Movies – The 2017 Chicago International Film Festival – Sunday, October 15th Pt. 1

The Chicago International Film Festival is back again, from Thursday, October 12th to Thursday, October 26th, and I’ll provide capsule reviews of as many of the films as I can manage to see. All films are shown at the AMC River East Theaters, 322 E. Illinois St. here in the great city of Chicago, Illinois.

 

Kigali

Eliane Umuhire in “Birds Are Singing In Kigali.” credit: Materiały prasowe

Birds Are Singing In Kigali (Ptaki Spiewaja W Kigali) (Poland, 2017) concerns Anna Keller (Jowita Budnik), a Polish ornithologist doing research on vultures with a close in-country colleague… in Rwanda in 1994. But rather than being another chronicle of the genocide itself, the film follows Anna’s escape from Rwanda with the daughter of her Tutsi mentor/colleague, her post-trauma settlement back into her life in Poland after three years, and the daughter’s efforts to make a life for herself there after everything else has been taken.
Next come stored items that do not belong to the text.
(* Write G_n, H_n for the pgfs of xi_n and eps_n and rho_n = G_n'(1).  The pgf
   of X_n is prod_{k=1..n} H_k(F_{k,n}(x)) with F_{k,n} = G_{k+1} o ... o G_n
   (comp_range).  The first and second order Taylor bounds of G_i show that
   gap x k n = 1 - F_{k,n}(x) equals rho_prod k n * (1 - x) up to a defect, where
   rho_prod k n = prod_{k<i<=n} rho_i.  The alternating (Bonferroni) expansion of
   H_k in factorial moments, combined with a Toeplitz lemma for the weights
   (1 - rho_k) rho_prod k n, then gives
     sum_k (H_k(1 - gap x k n) - 1) --> L(x) = sum_{1<=j<J} (-1)^j lam_j (1-x)^j / j!
   and hence pgf X_n --> exp L(x).  A binomial identity rewrites L(x) as
   sum_j mu_j (x^j - 1), an alternating-sum inequality for binomial coefficients
   shows mu_j >= 0, and exp L is the pgf of a sum of independent scaled Poisson
   variables, i.e. of CP(mu).  Finally, pointwise convergence of pgfs on [0,1]
   implies convergence of the point masses and hence weak convergence. *)

(* Keep 1::nat as a numeral, so that moments such as fmom p 1 stay readable. *)
declare One_nat_def [simp del]

section \<open>Probability generating functions\<close>

definition pgf :: "nat pmf \<Rightarrow> real \<Rightarrow> real" where
  "pgf p x = measure_pmf.expectation p (\<lambda>k. x ^ k)"

lemma integrable_bounded_pmf:
  fixes f :: "'a \<Rightarrow> real"
  assumes "\<And>k. \<bar>f k\<bar> \<le> B"
  shows "integrable (measure_pmf p) f"
  by (rule measure_pmf.integrable_const_bound[where B=B]) (auto simp: assms)

lemma expectation_bind_pmf:
  fixes f :: "'b \<Rightarrow> real"
  assumes "\<And>y. \<bar>f y\<bar> \<le> B"
  shows "measure_pmf.expectation (bind_pmf M N) f =
         measure_pmf.expectation M (\<lambda>a. measure_pmf.expectation (N a) f)"
  unfolding measure_pmf_bind
  by (rule integral_bind[where B=B and B'=1 and K="count_space UNIV"])
     (auto simp: assms measure_pmf_in_subprob_algebra intro: prob_space_imp_subprob_space)

lemma pgf_01:
  assumes "0 \<le> x" "x \<le> 1"
  shows "pgf p x \<in> {0..1}"
proof -
  have "pgf p x \<le> measure_pmf.expectation p (\<lambda>k. 1::real)"
    unfolding pgf_def using assms
    by (intro integral_mono integrable_bounded_pmf[where B=1]) (auto simp: power_le_one)
  moreover have "0 \<le> pgf p x"
    unfolding pgf_def using assms by (intro integral_nonneg_AE) auto
  ultimately show ?thesis by simp
qed

lemma pgf_bind:
  assumes "0 \<le> x" "x \<le> 1"
  shows "pgf (bind_pmf M N) x = measure_pmf.expectation M (\<lambda>a. pgf (N a) x)"
  unfolding pgf_def
  by (rule expectation_bind_pmf[where B=1]) (use assms in \<open>auto simp: power_le_one\<close>)

lemma pgf_shift: "pgf (map_pmf (\<lambda>e. s + e) p) x = x ^ s * pgf p x"
  unfolding pgf_def by (simp add: power_add)

lemma pgf_return [simp]: "pgf (return_pmf k) x = x ^ k"
  unfolding pgf_def by simp

lemma pgf_bind_shift:
  assumes "0 \<le> x" "x \<le> 1"
  shows "pgf (bind_pmf M (\<lambda>s. map_pmf (\<lambda>e. s + e) p)) x = pgf M x * pgf p x"
  using assms by (simp add: pgf_bind pgf_shift) (simp add: pgf_def)

lemma pgf_iid_sum:
  assumes "0 \<le> x" "x \<le> 1"
  shows "pgf (iid_sum p k) x = pgf p x ^ k"
  by (induction k) (simp_all add: pgf_bind_shift[OF assms])

lemma pgf_X_law_Suc:
  assumes "0 \<le> x" "x \<le> 1"
  shows "pgf (X_law xi eps (Suc n)) x =
     pgf (X_law xi eps n) (pgf (xi (Suc n)) x) * pgf (eps (Suc n)) x"
proof -
  have inner: "pgf (bind_pmf (iid_sum (xi (Suc n)) k) (\<lambda>s. map_pmf (\<lambda>e. s + e) (eps (Suc n)))) x
      = pgf (xi (Suc n)) x ^ k * pgf (eps (Suc n)) x" for k
    by (simp only: pgf_bind_shift[OF assms] pgf_iid_sum[OF assms])
  have "pgf (X_law xi eps (Suc n)) x = measure_pmf.expectation (X_law xi eps n)
      (\<lambda>k. pgf (xi (Suc n)) x ^ k * pgf (eps (Suc n)) x)"
    by (subst X_law.simps, subst pgf_bind[OF assms]) (simp only: inner)
  then show ?thesis unfolding pgf_def by simp
qed

(* comp_range G k n x = G_{k+1} (G_{k+2} ( ... (G_n x))), the identity when n <= k. *)
primrec comp_range :: "(nat \<Rightarrow> real \<Rightarrow> real) \<Rightarrow> nat \<Rightarrow> nat \<Rightarrow> real \<Rightarrow> real" where
  "comp_range G k 0 x = x"
| "comp_range G k (Suc n) x = (if Suc n \<le> k then x else comp_range G k n (G (Suc n) x))"

lemma comp_range_trivial: "n \<le> k \<Longrightarrow> comp_range G k n x = x"
  by (induction n arbitrary: x) auto
(* Let $\overline{D}$ and $\overline{A}$ be toric metrized divisors on $X$ with $A$ effective. Then \[ \lim_{l\in\mathbb{N},\,l\to\infty}\frac{1}{l^{n+1}}\int_{l\Delta_D+\Delta_A}\check g_{l\overline{D}+\overline{A}}(x)\,dx=\int_{\Delta_D}\check g_{\overline{D}}(x)\,dx, \] where $g_{l\overline{D}+\overline{A}}=l\,g_{\overline{D}}+g_{\overline{A}}$ and $\check{}$ denotes the Legendre–Fenchel transform below.
   Context: Toric setup: $Q$ free $\mathbb{Z}$-module of rank $n$, $P$ its dual, $Q_\mathbb{R},P_\mathbb{R}$ with pairing $\langle\cdot,\cdot\rangle$; $X$ nonsingular projective complex toric variety with compact torus $\mathbb{S}_Q$ and map $u\mapsto\exp(-u)$, $Q_\mathbb{R}\to\mathbb{T}_Q$, $\chi^m(\exp(-u))=e^{-\langle m,u\rangle}$. For a toric divisor $D$ with canonical rational section $s_D$ and support function $\Psi_D$, $\Delta_D=\{x:\langle x,u\rangle\ge\Psi_D(u)\ \forall u\}$; $l\Delta_D+\Delta_A$ is a Minkowski sum; $dx$ is Lebesgue measure on $P_\mathbb{R}$. The canonical metric $\|\cdot\|_{\infty,D}$ is the $\mathbb{S}_Q$-invariant metric with $\log\|s_D(\exp(-u))\|_{\infty,D}=\inf_{v\in\Delta_D}\langle v,u\rangle$. A toric metrized divisor is $D$ with an $\mathbb{S}_Q$-invariant hermitian metric with ratio to $\|\cdot\|_{\infty,D}$ bounded on $X$. $g_{\overline{D}}(u)=\log\|s_D(\exp(-u))\|_{\overline{D}}$; for a function $g$ on $Q_\mathbb{R}$, $\check g(x)=\inf_{u\in Q_\mathbb{R}}(\langle x,u\rangle-g(u))$. *)

theory Defs
  imports "HOL-Analysis.Analysis"
begin

text \<open>Q_R = P_R = real^'n (n = CARD('n)), lattice Q = integer
vectors, pairing = inner product.  A fan is given by a finite set V of ray
generators and a set Sigma of cones, each cone given by its finite set of
ray generators.\<close>

definition int_vec :: "real^'n \<Rightarrow> bool" where
  "int_vec x \<longleftrightarrow> (\<forall>i. x $ i \<in> \<int>)"

definition zbasis :: "(real^'n) set \<Rightarrow> bool" where
  "zbasis B \<longleftrightarrow> finite B \<and> card B = CARD('n) \<and> (\<forall>b\<in>B. int_vec b) \<and>
     (\<forall>x. int_vec x \<longrightarrow> (\<exists>c. (\<forall>b\<in>B. c b \<in> \<int>) \<and> x = (\<Sum>b\<in>B. c b *\<^sub>R b)))"

definition pos_cone :: "(real^'n) set \<Rightarrow> (real^'n) set" where
  "pos_cone S = {(\<Sum>v\<in>S. l v *\<^sub>R v) | l. \<forall>v\<in>S. l v \<ge> 0}"

text \<open>Fan of a nonsingular projective toric variety: smooth cones, closed under
faces, meeting along faces, complete, and admitting a strictly convex
(ample) support function.\<close>
definition smooth_projective_fan :: "(real^'n) set \<Rightarrow> (real^'n) set set \<Rightarrow> bool" where
  "smooth_projective_fan V \<Sigma> \<longleftrightarrow>
     finite V \<and> finite \<Sigma> \<and>
     (\<forall>S\<in>\<Sigma>. S \<subseteq> V \<and> (\<exists>B. zbasis B \<and> S \<subseteq> B)) \<and>
     (\<forall>S\<in>\<Sigma>. \<forall>T. T \<subseteq> S \<longrightarrow> T \<in> \<Sigma>) \<and>
     (\<forall>v\<in>V. {v} \<in> \<Sigma>) \<and>
     (\<forall>S\<in>\<Sigma>. \<forall>T\<in>\<Sigma>. pos_cone S \<inter> pos_cone T = pos_cone (S \<inter> T)) \<and>
     (\<Union>S\<in>\<Sigma>. pos_cone S) = UNIV \<and>
     (\<exists>a::real^'n \<Rightarrow> int. \<forall>S\<in>\<Sigma>. card S = CARD('n) \<longrightarrow>
        (\<exists>m. (\<forall>v\<in>S. m \<bullet> v = - of_int (a v)) \<and> (\<forall>v\<in>V - S. m \<bullet> v > - of_int (a v))))"

text \<open>A toric divisor D = sum of a(v) D_v; its support function Psi_D is linear on
each cone with Psi_D(v) = - a(v) on ray generators.\<close>
definition supp_fun :: "(real^'n) set set \<Rightarrow> (real^'n \<Rightarrow> int) \<Rightarrow> real^'n \<Rightarrow> real" where
  "supp_fun \<Sigma> a u = (THE t. \<exists>S\<in>\<Sigma>. \<exists>l. (\<forall>v\<in>S. l v \<ge> 0) \<and>
      u = (\<Sum>v\<in>S. l v *\<^sub>R v) \<and> t = - (\<Sum>v\<in>S. l v * of_int (a v)))"

definition polytope :: "(real^'n) set set \<Rightarrow> (real^'n \<Rightarrow> int) \<Rightarrow> (real^'n) set" where
  "polytope \<Sigma> a = {x. \<forall>u. x \<bullet> u \<ge> supp_fun \<Sigma> a u}"

definition effective :: "(real^'n) set \<Rightarrow> (real^'n \<Rightarrow> int) \<Rightarrow> bool" where
  "effective V a \<longleftrightarrow> (\<forall>v\<in>V. a v \<ge> 0)"

text \<open>log ||s_D(exp(-u))||_{infinity,D} = inf over Delta_D of <v,u>.\<close>
definition canon_log :: "(real^'n) set \<Rightarrow> real^'n \<Rightarrow> real" where
  "canon_log \<Delta> u = (INF v\<in>\<Delta>. v \<bullet> u)"

text \<open>g = g_{D-bar} of a toric metrized divisor (continuous S_Q-invariant metric
whose ratio to the canonical metric is bounded).\<close>
definition toric_metrized :: "(real^'n) set set \<Rightarrow> (real^'n \<Rightarrow> int) \<Rightarrow> (real^'n \<Rightarrow> real) \<Rightarrow> bool" where
  "toric_metrized \<Sigma> a g \<longleftrightarrow> continuous_on UNIV g \<and>
     (\<exists>C. \<forall>u. \<bar>g u - canon_log (polytope \<Sigma> a) u\<bar> \<le> C)"

definition legendre :: "(real^'n \<Rightarrow> real) \<Rightarrow> real^'n \<Rightarrow> real" where
  "legendre g x = (INF u. x \<bullet> u - g u)"

end

theory Submission
  imports Defs
begin

text \<open>Substituting x = l y, the l-th integral divided by l^(n+1) becomes the integral over
  \<Delta>_D + (1/l) \<Delta>_A of the Legendre transform of g_D + g_A / l.  Both metrics differ from the
  canonical ones by a bounded amount and g_A is bounded above (0 \<in> \<Delta>_A as A is effective), so
  these integrands are uniformly bounded on a fixed ball, converge to the Legendre transform of
  g_D on \<Delta>_D, and vanish eventually off the closed set \<Delta>_D.  Dominated convergence concludes.\<close>

lemma zbasis_independent:
  fixes B :: "(real^'n) set"
  assumes "zbasis B"
  shows "independent B"
proof -
  have fin: "finite B" and card: "card B = CARD('n)"
    and spans: "\<And>x. int_vec x \<Longrightarrow> \<exists>c. x = (\<Sum>b\<in>B. c b *\<^sub>R b)"
    using assms unfolding zbasis_def by blast+
  have "Basis \<subseteq> span B"
  proof
    fix x :: "real^'n"
    assume "x \<in> Basis"
    then have "int_vec x" by (auto simp: Basis_vec_def int_vec_def axis_def)
    then obtain c where "x = (\<Sum>b\<in>B. c b *\<^sub>R b)" using spans by blast
    then show "x \<in> span B" by (simp add: span_sum span_scale span_base)
  qed
  then have "UNIV \<subseteq> span B"
    by (metis span_Basis span_mono span_span)
  then show ?thesis
    by (intro card_le_dim_spanning[of B UNIV]) (use fin card in auto)
qed
lemma expected_remaining_recurrence:
  "1 + (1 - hazard t) * expected_remaining (Suc t) = expected_remaining t"
proof (cases "t < fill_len")
  case True
  have pos: "0 < 1 - real t * q" "0 < 1 - real (Suc t) * q"
    using True one_minus_mult_q_pos[of t] one_minus_mult_q_pos[of "Suc t"] by simp_all
  have "1 - hazard t = (1 - real (Suc t) * q) / (1 - real t * q)"
    using True pos(1) by (simp add: hazard_eq field_simps)
  moreover have "expected_remaining (Suc t) = tail_mass (Suc t) / (1 - real (Suc t) * q)"
    using True by (simp add: expected_remaining_eq)
  ultimately have "(1 - hazard t) * expected_remaining (Suc t) = tail_mass (Suc t) / (1 - real t * q)"
    using pos(2) by simp
  then show ?thesis
    using True pos(1) tail_mass_Suc[OF True] by (simp add: expected_remaining_def field_simps)
next
  case False
  then show ?thesis
    using eps_less_1 by (simp add: hazard_eq expected_remaining_def field_simps)
qed

lemma expected_remaining_0_le:
  "expected_remaining 0 \<le> 1 / (2 * q) + 1 / 2 + q * eps / (2 * (1 - eps)^2)"
proof -
  define a where "a = 1 - eps"
  have a: "0 < a" "eps = 1 - a"
    using eps_less_1 by (simp_all add: a_def)
  show ?thesis
  proof (cases "1 \<le> wf_tstar q eps")
    case True
    have fill_len: "real fill_len = (1 - q / a) / q"
      using one_minus_fill_len_mult_q[OF True] q_pos by (simp add: a_def field_simps)
    have gauss: "(\<Sum>s<m. real s) = real m * (real m - 1) / 2" for m
      by (induction m) (simp_all add: field_simps)
    have "expected_remaining 0 = tail_mass 0"
      by (simp add: expected_remaining_eq)
    also have "\<dots> = real fill_len - q * (real fill_len * (real fill_len - 1) / 2) + q / a^2"
      unfolding tail_mass_def one_minus_fill_len_mult_q[OF True] a_def
      by (simp add: sum_subtractf sum_distrib_right[symmetric] gauss atLeast0LessThan power2_eq_square)
    also have "\<dots> = 1 / (2 * q) + 1 / 2 + q * eps / (2 * (1 - eps)^2)"
      unfolding fill_len using q_pos a(1) by (simp add: a(2) field_simps power2_eq_square)
    finally show ?thesis by simp
  next
    case False
    have "1 / q \<le> (1 - a) / a"
      using False of_int_wf_tstar by (simp add: a_def)
    then have "a * (1 + q) \<le> q"
      using q_pos a(1) by (simp add: field_simps)
    moreover have "a \<le> a * (1 + q)"
      using q_pos a(1) by simp
    \<comment> \<open>2 q a^2 times the gap between the bound and 1 / a is this product\<close>
    ultimately have "0 \<le> (a * (1 + q) - q) * (a - q)"
      by (intro mult_nonpos_nonpos) auto
    have "expected_remaining 0 = 1 / a"
      using False by (simp add: fill_len_def expected_remaining_def a_def)
    also have "\<dots> = (2 * q * a) / (2 * q * a^2)"
      using q_pos a(1) by (simp add: power2_eq_square)
    also have "\<dots> \<le> (a^2 + q * a^2 + q^2 * (1 - a)) / (2 * q * a^2)"
      using \<open>0 \<le> (a * (1 + q) - q) * (a - q)\<close> q_pos a(1)
      by (intro divide_right_mono) (auto simp: algebra_simps power2_eq_square)
    also have "\<dots> = 1 / (2 * q) + 1 / 2 + q * eps / (2 * (1 - eps)^2)"
      unfolding a(2) using q_pos a(1) by (simp add: field_simps power2_eq_square)
    finally show ?thesis .
  qed
qed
The daughter, Claudine Mugambira (Eliane Umuhire) insists on going to the refugee center rather than Anna’s home. Clearly derisive of charity on her behalf, we learn later of another reason for her distance. Nonetheless, Claudine eventually ends up with Anna, fending off nosy immigration agents and gamely trying her hand at a few different occupations. Anna is clearly deeply scarred – she ends her university-sponsored research and donates away years of personal research archives. Reaching a still-painful détente with each other, Anna accompanies Claudine back to now-Tutsi-controlled Kigali, where she’ll seek to find her family to bury them properly while reconnecting with a lost relative.

The film, directed by Joanna Kos-Krauze, was a co-directing project with her husband Krzysztof Krauze before his sudden death in 2014. Cinematographer Krzysztof Ptak also passed away before completion as well, so the final film is a genuine labor of love and a tribute to Kos-Krauze’s resilience. She hasn’t compromised much – we accumulate details as it cruises along, a long slow blending smear of events and feelings rather than a conventional, step-by-step episodic narrative. But the film is ultimately uplifting and hopeful, without reducing any of the horror that these two women have lived through. I recommend it.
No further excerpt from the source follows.